TASK DETAILS>
The whole of the data is to be reproduced exactly.
-------------------------
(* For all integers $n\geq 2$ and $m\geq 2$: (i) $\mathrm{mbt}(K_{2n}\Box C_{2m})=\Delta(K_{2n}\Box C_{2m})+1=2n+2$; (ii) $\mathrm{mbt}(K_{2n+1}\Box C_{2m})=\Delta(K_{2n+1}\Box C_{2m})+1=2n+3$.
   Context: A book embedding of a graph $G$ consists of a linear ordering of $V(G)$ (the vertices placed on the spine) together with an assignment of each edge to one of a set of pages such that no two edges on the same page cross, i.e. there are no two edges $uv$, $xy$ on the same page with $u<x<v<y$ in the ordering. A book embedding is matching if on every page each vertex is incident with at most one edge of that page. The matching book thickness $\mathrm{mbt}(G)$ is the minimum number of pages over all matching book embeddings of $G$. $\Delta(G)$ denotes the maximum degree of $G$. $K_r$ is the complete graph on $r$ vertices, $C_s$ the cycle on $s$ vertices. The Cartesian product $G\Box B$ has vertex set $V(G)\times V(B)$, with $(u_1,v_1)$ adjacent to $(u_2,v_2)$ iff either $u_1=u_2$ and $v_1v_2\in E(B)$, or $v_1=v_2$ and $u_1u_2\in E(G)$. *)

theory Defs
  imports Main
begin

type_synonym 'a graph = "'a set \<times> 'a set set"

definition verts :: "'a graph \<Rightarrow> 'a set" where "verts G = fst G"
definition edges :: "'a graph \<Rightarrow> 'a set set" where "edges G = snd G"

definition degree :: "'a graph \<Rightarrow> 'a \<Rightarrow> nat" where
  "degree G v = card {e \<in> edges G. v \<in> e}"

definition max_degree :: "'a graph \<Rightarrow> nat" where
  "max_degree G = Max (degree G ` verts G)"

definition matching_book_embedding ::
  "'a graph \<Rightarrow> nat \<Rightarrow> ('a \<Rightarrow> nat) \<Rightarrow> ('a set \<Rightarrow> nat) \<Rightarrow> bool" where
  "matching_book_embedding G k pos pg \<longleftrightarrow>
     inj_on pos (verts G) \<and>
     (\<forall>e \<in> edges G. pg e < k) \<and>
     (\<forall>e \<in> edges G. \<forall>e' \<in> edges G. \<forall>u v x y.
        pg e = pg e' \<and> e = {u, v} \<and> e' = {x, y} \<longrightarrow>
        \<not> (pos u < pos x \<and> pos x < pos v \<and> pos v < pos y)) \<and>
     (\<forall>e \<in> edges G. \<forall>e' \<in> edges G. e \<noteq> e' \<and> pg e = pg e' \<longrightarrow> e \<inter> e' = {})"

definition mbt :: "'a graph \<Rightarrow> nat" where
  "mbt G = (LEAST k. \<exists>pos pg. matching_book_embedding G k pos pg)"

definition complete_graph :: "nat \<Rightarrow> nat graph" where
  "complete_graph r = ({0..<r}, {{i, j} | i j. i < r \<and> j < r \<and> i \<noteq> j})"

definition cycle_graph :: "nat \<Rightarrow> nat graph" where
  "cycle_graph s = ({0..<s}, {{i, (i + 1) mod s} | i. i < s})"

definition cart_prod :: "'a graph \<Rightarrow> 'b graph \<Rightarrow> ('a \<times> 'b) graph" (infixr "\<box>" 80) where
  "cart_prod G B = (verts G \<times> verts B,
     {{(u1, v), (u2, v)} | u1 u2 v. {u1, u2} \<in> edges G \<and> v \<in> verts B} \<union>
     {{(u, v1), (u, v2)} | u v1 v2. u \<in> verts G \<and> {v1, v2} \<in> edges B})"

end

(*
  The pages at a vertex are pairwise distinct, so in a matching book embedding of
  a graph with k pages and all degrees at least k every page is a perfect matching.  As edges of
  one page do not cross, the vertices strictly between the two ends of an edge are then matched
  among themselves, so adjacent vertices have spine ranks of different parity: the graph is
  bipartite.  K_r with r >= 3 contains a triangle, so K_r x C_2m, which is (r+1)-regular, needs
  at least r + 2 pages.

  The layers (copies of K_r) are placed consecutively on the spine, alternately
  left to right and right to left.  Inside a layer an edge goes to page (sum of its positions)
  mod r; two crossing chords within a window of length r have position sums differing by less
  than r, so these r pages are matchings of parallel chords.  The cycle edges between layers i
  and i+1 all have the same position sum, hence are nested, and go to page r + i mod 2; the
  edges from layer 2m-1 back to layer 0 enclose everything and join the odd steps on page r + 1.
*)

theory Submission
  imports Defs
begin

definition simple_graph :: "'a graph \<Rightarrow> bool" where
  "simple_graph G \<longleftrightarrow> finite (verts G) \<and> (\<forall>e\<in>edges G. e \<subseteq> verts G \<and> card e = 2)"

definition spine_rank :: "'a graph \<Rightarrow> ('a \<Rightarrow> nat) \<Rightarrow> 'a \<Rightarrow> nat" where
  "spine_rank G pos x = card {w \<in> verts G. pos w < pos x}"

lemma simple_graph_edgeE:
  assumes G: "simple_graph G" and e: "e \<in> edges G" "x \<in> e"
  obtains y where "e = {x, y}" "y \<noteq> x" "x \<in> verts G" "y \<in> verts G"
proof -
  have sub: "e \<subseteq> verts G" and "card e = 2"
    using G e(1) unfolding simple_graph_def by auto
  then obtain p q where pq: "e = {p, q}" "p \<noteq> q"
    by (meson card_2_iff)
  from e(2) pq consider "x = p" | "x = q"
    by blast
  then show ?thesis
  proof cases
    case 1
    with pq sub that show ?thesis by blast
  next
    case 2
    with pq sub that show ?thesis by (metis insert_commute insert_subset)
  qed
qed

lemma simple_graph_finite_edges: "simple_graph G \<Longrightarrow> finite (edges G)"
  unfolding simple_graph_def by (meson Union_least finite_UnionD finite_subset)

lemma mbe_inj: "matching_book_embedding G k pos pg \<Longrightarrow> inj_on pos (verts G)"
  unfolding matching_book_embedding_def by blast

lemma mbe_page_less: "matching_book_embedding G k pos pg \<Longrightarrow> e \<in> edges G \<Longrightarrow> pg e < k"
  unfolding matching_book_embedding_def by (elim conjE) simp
-------------------------
FINISHED EXERCISE>
(* For all integers $n\geq 2$ and $m\geq 2$: (i) $\mathrm{mbt}(K_{2n}\Box C_{2m})=\Delta(K_{2n}\Box C_{2m})+1=2n+2$; (ii) $\mathrm{mbt}(K_{2n+1}\Box C_{2m})=\Delta(K_{2n+1}\Box C_{2m})+1=2n+3$.
   Context: A book embedding of a graph $G$ consists of a linear ordering of $V(G)$ (the vertices placed on the spine) together with an assignment of each edge to one of a set of pages such that no two edges on the same page cross, i.e. there are no two edges $uv$, $xy$ on the same page with $u<x<v<y$ in the ordering. A book embedding is matching if on every page each vertex is incident with at most one edge of that page. The matching book thickness $\mathrm{mbt}(G)$ is the minimum number of pages over all matching book embeddings of $G$. $\Delta(G)$ denotes the maximum degree of $G$. $K_r$ is the complete graph on $r$ vertices, $C_s$ the cycle on $s$ vertices. The Cartesian product $G\Box B$ has vertex set $V(G)\times V(B)$, with $(u_1,v_1)$ adjacent to $(u_2,v_2)$ iff either $u_1=u_2$ and $v_1v_2\in E(B)$, or $v_1=v_2$ and $u_1u_2\in E(G)$. *)

theory Defs
  imports Main
begin

type_synonym 'a graph = "'a set \<times> 'a set set"

definition verts :: "'a graph \<Rightarrow> 'a set" where "verts G = fst G"
definition edges :: "'a graph \<Rightarrow> 'a set set" where "edges G = snd G"

definition degree :: "'a graph \<Rightarrow> 'a \<Rightarrow> nat" where
  "degree G v = card {e \<in> edges G. v \<in> e}"

definition max_degree :: "'a graph \<Rightarrow> nat" where
  "max_degree G = Max (degree G ` verts G)"

definition matching_book_embedding ::
  "'a graph \<Rightarrow> nat \<Rightarrow> ('a \<Rightarrow> nat) \<Rightarrow> ('a set \<Rightarrow> nat) \<Rightarrow> bool" where
  "matching_book_embedding G k pos pg \<longleftrightarrow>
     inj_on pos (verts G) \<and>
     (\<forall>e \<in> edges G. pg e < k) \<and>
     (\<forall>e \<in> edges G. \<forall>e' \<in> edges G. \<forall>u v x y.
        pg e = pg e' \<and> e = {u, v} \<and> e' = {x, y} \<longrightarrow>
        \<not> (pos u < pos x \<and> pos x < pos v \<and> pos v < pos y)) \<and>
     (\<forall>e \<in> edges G. \<forall>e' \<in> edges G. e \<noteq> e' \<and> pg e = pg e' \<longrightarrow> e \<inter> e' = {})"

definition mbt :: "'a graph \<Rightarrow> nat" where
  "mbt G = (LEAST k. \<exists>pos pg. matching_book_embedding G k pos pg)"

definition complete_graph :: "nat \<Rightarrow> nat graph" where
  "complete_graph r = ({0..<r}, {{i, j} | i j. i < r \<and> j < r \<and> i \<noteq> j})"

definition cycle_graph :: "nat \<Rightarrow> nat graph" where
  "cycle_graph s = ({0..<s}, {{i, (i + 1) mod s} | i. i < s})"

definition cart_prod :: "'a graph \<Rightarrow> 'b graph \<Rightarrow> ('a \<times> 'b) graph" (infixr "\<box>" 80) where
  "cart_prod G B = (verts G \<times> verts B,
     {{(u1, v), (u2, v)} | u1 u2 v. {u1, u2} \<in> edges G \<and> v \<in> verts B} \<union>
     {{(u, v1), (u, v2)} | u v1 v2. u \<in> verts G \<and> {v1, v2} \<in> edges B})"

end

(*
  The pages at a vertex are pairwise distinct, so in a matching book embedding of
  a graph with k pages and all degrees at least k every page is a perfect matching.  As edges of
  one page do not cross, the vertices strictly between the two ends of an edge are then matched
  among themselves, so adjacent vertices have spine ranks of different parity: the graph is
  bipartite.  K_r with r >= 3 contains a triangle, so K_r x C_2m, which is (r+1)-regular, needs
  at least r + 2 pages.

  The layers (copies of K_r) are placed consecutively on the spine, alternately
  left to right and right to left.  Inside a layer an edge goes to page (sum of its positions)
  mod r; two crossing chords within a window of length r have position sums differing by less
  than r, so these r pages are matchings of parallel chords.  The cycle edges between layers i
  and i+1 all have the same position sum, hence are nested, and go to page r + i mod 2; the
  edges from layer 2m-1 back to layer 0 enclose everything and join the odd steps on page r + 1.
*)

theory Submission
  imports Defs
begin

definition simple_graph :: "'a graph \<Rightarrow> bool" where
  "simple_graph G \<longleftrightarrow> finite (verts G) \<and> (\<forall>e\<in>edges G. e \<subseteq> verts G \<and> card e = 2)"

definition spine_rank :: "'a graph \<Rightarrow> ('a \<Rightarrow> nat) \<Rightarrow> 'a \<Rightarrow> nat" where
  "spine_rank G pos x = card {w \<in> verts G. pos w < pos x}"

lemma simple_graph_edgeE:
  assumes G: "simple_graph G" and e: "e \<in> edges G" "x \<in> e"
  obtains y where "e = {x, y}" "y \<noteq> x" "x \<in> verts G" "y \<in> verts G"
proof -
  have sub: "e \<subseteq> verts G" and "card e = 2"
    using G e(1) unfolding simple_graph_def by auto
  then obtain p q where pq: "e = {p, q}" "p \<noteq> q"
    by (meson card_2_iff)
  from e(2) pq consider "x = p" | "x = q"
    by blast
  then show ?thesis
  proof cases
    case 1
    with pq sub that show ?thesis by blast
  next
    case 2
    with pq sub that show ?thesis by (metis insert_commute insert_subset)
  qed
qed

lemma simple_graph_finite_edges: "simple_graph G \<Longrightarrow> finite (edges G)"
  unfolding simple_graph_def by (meson Union_least finite_UnionD finite_subset)

lemma mbe_inj: "matching_book_embedding G k pos pg \<Longrightarrow> inj_on pos (verts G)"
  unfolding matching_book_embedding_def by blast

lemma mbe_page_less: "matching_book_embedding G k pos pg \<Longrightarrow> e \<in> edges G \<Longrightarrow> pg e < k"
  unfolding matching_book_embedding_def by (elim conjE) simp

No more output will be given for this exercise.